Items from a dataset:
(* Let $\phi:\mathbb{R}\to\mathbb{R}\cup\{+\infty\}$ be a strictly convex, closed scalar function of Legendre type with Legendre conjugate $\psi(y)=\sup_\lambda(\lambda y-\phi(\lambda))$, and for vectors set $\phi(\mathbf{x})=\sum_m\phi(x_m)$, $\psi(\mathbf{y})=\sum_m\psi(y_m)$. Define $L_\phi(\mathbf{a},\mathbf{b})=\phi(\mathbf{a})+\psi(\mathbf{b})-\langle\mathbf{a},\mathbf{b}\rangle$ (equivalently $D_\phi(\mathbf{a},\nabla\psi(\mathbf{b}))$, the Bregman divergence of $\phi$), for vectors or scalars. Fix a user $i$ who has rated the set $\mathcal{V}_i$ of items, with ratings $R_{ij}\in[L]$ for $j\in\mathcal{V}_i$, and let $\hat{\mathbf{R}}_i=(\hat R_{ij})_{j\in\mathcal{V}_i}$ be any real vector of predictions. For $l\in[L]$ let $\Omega_{il}=|\{j\in\mathcal{V}_i: R_{ij}=l\}|$, assume $\Omega_{il}\ge 1$ for every $l$, and let $\bar{\hat R}_i^{\,l}=\frac{1}{\Omega_{il}}\sum_{j: R_{ij}=l}\hat R_{ij}$. For a rating-scale vector assign to each level $l$ a value $r_{il}$, and let $E_i\mathbf{r}_i\in\mathbb{R}^{|\mathcal{V}_i|}$ be the vector whose entry for item $j$ is $r_{i,R_{ij}}$. Then the set of minimizers of $L_\phi(E_i\mathbf{r}_i,\hat{\mathbf{R}}_i)$ over rating-scale vectors with $r_{i1}\le r_{i2}\le\cdots\le r_{iL}$ equals the set of minimizers of $\sum_{l=1}^L\Omega_{il}\,L_\phi\big(r_{il},\bar{\hat R}_i^{\,l}\big)$ over the same set of vectors.
   Context: In the paper the rating-scale vector lies in the set of vectors in $\mathbb{R}^L$ with components in non-increasing order, with rating level $l$ stored in component $L-l+1$ (one-hot encoding $e_{L-l+1}=1$ for rating $l$); in the statement above $r_{il}$ directly denotes the value assigned to rating level $l$, so this set corresponds to $r_{i1}\le\cdots\le r_{iL}$. *)

theory Defs
  imports "HOL-Analysis.Analysis" "HOL-Library.Extended_Real"
begin

definition edom :: "(real \<Rightarrow> ereal) \<Rightarrow> real set" where
  "edom \<phi> = {x. \<phi> x < \<infinity>}"

definition proper_fun :: "(real \<Rightarrow> ereal) \<Rightarrow> bool" where
  "proper_fun \<phi> \<longleftrightarrow> (\<forall>x. \<phi> x \<noteq> -\<infinity>) \<and> edom \<phi> \<noteq> {}"

definition convex_efun :: "(real \<Rightarrow> ereal) \<Rightarrow> bool" where
  "convex_efun \<phi> \<longleftrightarrow> (\<forall>x y t. 0 \<le> t \<and> t \<le> 1 \<longrightarrow>
      \<phi> ((1 - t) * x + t * y) \<le> ereal (1 - t) * \<phi> x + ereal t * \<phi> y)"

definition strictly_convex_efun :: "(real \<Rightarrow> ereal) \<Rightarrow> bool" where
  "strictly_convex_efun \<phi> \<longleftrightarrow> convex_efun \<phi> \<and>
     (\<forall>x\<in>edom \<phi>. \<forall>y\<in>edom \<phi>. \<forall>t. x \<noteq> y \<and> 0 < t \<and> t < 1 \<longrightarrow>
      \<phi> ((1 - t) * x + t * y) < ereal (1 - t) * \<phi> x + ereal t * \<phi> y)"

definition closed_efun :: "(real \<Rightarrow> ereal) \<Rightarrow> bool" where
  "closed_efun \<phi> \<longleftrightarrow> (\<forall>x X. X \<longlonglongrightarrow> x \<longrightarrow> \<phi> x \<le> liminf (\<lambda>k. \<phi> (X k)))"
text \<open>
  In a matching ordering no backedge u \<rightarrow> v can be bridged by a path u \<rightarrow> w \<rightarrow> v: whether w
  comes before u or after it, a second backedge at u or at v appears.  In P_n a backedge u \<rightarrow> v
  between non-consecutive vertices is bridged by u - 1, by v + 1 or by 3 unless it is 1 \<rightarrow> n
  with n \<le> 4.  Apart from that exception all backedges join consecutive vertices, and for
  each i the pairs {i, i+1} and {i+1, i+2} cannot both be backedges (they share i+1) nor both
  be reversed (i precedes i+2).  Hence the reversed consecutive pairs alternate, and the ordering
  is fixed by whether 2 precedes 1.  For n = 3, 4 the backedge 1 \<rightarrow> n determines one more
  ordering, [3, 2, 1] resp. [2, 4, 1, 3].
\<close>

definition precedes :: "'a list \<Rightarrow> 'a \<Rightarrow> 'a \<Rightarrow> bool" where
  "precedes xs u v \<longleftrightarrow> (\<exists>i j. i < j \<and> j < length xs \<and> xs ! i = u \<and> xs ! j = v)"

lemma precedes_Nil [simp]: "\<not> precedes [] u v"
  by (simp add: precedes_def)

lemma precedes_Cons [simp]:
  "precedes (x # xs) u v \<longleftrightarrow> (x = u \<and> v \<in> set xs) \<or> precedes xs u v"
proof
  assume "precedes (x # xs) u v"
  then obtain i j where "i < j" "j < Suc (length xs)" "(x # xs) ! i = u" "(x # xs) ! j = v"
    by (auto simp: precedes_def)
  then show "(x = u \<and> v \<in> set xs) \<or> precedes xs u v"
    unfolding precedes_def by (cases i; cases j) auto
next
  assume "(x = u \<and> v \<in> set xs) \<or> precedes xs u v"
  then show "precedes (x # xs) u v"
    unfolding precedes_def in_set_conv_nth
    by (metis Suc_mono length_Cons nth_Cons_0 nth_Cons_Suc zero_less_Suc)
qed

lemma precedes_asym: "distinct xs \<Longrightarrow> precedes xs u v \<Longrightarrow> \<not> precedes xs v u"
  unfolding precedes_def by (metis nth_eq_iff_index_eq order.strict_trans not_less_iff_gr_or_eq)

lemma precedes_trans: "distinct xs \<Longrightarrow> precedes xs u v \<Longrightarrow> precedes xs v w \<Longrightarrow> precedes xs u w"
  unfolding precedes_def by (metis nth_eq_iff_index_eq order.strict_trans)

▶ PROBLEM DETAILS
Beginning with the line that holds "v \<Longrightarrow> precedes" and ending with the last line of the data, copy each line exactly and add nothing.

▶ WRITTEN ANSWER
lemma precedes_trans: "distinct xs \<Longrightarrow> precedes xs u v \<Longrightarrow> precedes xs v w \<Longrightarrow> precedes xs u w"
  unfolding precedes_def by (metis nth_eq_iff_index_eq order.strict_trans)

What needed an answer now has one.